§ What you need to do
Which lines of the records hold the string "longleftrightarrow"? Report only how many of them there are.

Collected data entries
=== Section Start ===

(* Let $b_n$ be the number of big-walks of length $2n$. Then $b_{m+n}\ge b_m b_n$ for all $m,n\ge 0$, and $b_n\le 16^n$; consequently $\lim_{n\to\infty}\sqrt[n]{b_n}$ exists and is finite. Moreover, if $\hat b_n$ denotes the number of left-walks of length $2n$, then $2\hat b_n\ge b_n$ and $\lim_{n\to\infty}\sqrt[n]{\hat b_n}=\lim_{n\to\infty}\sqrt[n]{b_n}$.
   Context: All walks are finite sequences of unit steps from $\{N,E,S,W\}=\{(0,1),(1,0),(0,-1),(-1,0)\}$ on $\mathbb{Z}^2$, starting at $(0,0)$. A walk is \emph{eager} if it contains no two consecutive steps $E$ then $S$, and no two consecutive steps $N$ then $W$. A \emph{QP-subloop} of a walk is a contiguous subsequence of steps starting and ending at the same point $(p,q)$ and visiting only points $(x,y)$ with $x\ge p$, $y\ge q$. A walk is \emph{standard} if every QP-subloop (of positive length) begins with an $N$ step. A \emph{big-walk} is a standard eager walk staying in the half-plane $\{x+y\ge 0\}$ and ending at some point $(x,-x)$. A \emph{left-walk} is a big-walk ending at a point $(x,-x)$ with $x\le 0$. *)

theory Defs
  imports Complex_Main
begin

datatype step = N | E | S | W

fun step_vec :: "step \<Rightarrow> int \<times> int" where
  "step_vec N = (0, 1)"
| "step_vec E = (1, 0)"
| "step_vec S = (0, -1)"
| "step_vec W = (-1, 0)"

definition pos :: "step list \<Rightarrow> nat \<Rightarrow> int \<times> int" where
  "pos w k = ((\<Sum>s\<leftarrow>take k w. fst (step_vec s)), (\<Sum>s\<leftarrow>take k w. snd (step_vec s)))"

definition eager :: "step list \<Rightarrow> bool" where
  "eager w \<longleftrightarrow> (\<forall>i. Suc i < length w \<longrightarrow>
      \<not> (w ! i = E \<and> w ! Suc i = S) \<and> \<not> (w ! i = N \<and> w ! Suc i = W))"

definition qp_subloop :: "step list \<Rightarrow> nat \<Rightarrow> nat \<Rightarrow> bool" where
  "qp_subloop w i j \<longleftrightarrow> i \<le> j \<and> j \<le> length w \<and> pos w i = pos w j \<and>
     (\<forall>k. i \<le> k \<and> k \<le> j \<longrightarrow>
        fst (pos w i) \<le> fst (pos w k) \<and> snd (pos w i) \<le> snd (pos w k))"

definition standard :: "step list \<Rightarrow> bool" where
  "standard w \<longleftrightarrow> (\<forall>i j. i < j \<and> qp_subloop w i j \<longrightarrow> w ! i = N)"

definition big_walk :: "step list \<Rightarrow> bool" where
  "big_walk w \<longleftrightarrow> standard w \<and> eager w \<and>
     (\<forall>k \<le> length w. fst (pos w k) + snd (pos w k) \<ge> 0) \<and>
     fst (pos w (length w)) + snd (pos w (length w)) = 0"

=== Section End ===
=== Section Start ===

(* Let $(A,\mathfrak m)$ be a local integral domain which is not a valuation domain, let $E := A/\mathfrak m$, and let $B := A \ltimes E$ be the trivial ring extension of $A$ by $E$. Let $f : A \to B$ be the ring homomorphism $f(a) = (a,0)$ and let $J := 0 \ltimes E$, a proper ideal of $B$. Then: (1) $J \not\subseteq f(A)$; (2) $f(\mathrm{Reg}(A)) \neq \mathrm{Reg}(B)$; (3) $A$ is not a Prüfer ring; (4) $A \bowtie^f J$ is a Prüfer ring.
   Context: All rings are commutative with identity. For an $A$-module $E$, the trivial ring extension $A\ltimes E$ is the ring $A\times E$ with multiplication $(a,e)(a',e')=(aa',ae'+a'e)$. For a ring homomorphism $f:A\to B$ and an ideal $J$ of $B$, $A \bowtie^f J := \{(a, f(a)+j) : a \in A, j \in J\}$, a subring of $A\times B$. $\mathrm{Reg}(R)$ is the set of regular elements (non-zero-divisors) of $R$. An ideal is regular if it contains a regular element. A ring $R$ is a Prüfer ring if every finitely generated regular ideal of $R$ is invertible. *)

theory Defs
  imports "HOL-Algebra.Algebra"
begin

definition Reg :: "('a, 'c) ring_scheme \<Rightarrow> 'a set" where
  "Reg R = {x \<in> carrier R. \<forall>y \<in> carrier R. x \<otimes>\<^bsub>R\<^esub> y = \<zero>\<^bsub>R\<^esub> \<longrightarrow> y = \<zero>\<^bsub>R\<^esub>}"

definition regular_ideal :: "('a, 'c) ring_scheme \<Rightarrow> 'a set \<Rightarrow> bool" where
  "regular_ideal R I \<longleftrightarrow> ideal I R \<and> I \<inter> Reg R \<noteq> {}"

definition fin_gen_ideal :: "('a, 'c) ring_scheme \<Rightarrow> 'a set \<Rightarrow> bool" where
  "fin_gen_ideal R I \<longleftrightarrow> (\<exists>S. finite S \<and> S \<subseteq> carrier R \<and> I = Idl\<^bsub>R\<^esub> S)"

=== Section End ===
=== Section Start ===

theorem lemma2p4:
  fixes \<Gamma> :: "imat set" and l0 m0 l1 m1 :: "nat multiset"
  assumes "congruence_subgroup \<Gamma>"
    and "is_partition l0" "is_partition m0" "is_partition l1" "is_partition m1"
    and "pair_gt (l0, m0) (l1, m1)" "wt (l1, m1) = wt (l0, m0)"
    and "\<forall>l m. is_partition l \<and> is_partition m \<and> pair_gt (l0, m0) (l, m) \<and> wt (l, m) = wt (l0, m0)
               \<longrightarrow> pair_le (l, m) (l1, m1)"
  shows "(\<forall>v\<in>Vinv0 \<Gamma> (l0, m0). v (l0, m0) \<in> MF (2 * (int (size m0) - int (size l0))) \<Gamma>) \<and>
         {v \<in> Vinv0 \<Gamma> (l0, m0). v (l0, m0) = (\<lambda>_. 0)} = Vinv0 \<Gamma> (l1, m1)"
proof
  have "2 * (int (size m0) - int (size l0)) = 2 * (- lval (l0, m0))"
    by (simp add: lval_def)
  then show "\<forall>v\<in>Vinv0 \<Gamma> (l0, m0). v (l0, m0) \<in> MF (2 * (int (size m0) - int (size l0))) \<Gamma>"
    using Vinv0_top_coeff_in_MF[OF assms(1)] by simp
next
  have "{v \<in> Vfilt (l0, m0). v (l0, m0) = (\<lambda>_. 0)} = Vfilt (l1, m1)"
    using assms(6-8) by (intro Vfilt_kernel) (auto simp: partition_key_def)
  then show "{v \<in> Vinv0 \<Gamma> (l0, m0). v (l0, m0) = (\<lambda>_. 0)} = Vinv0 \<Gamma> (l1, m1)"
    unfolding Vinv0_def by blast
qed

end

=== Section End ===

§ Response
6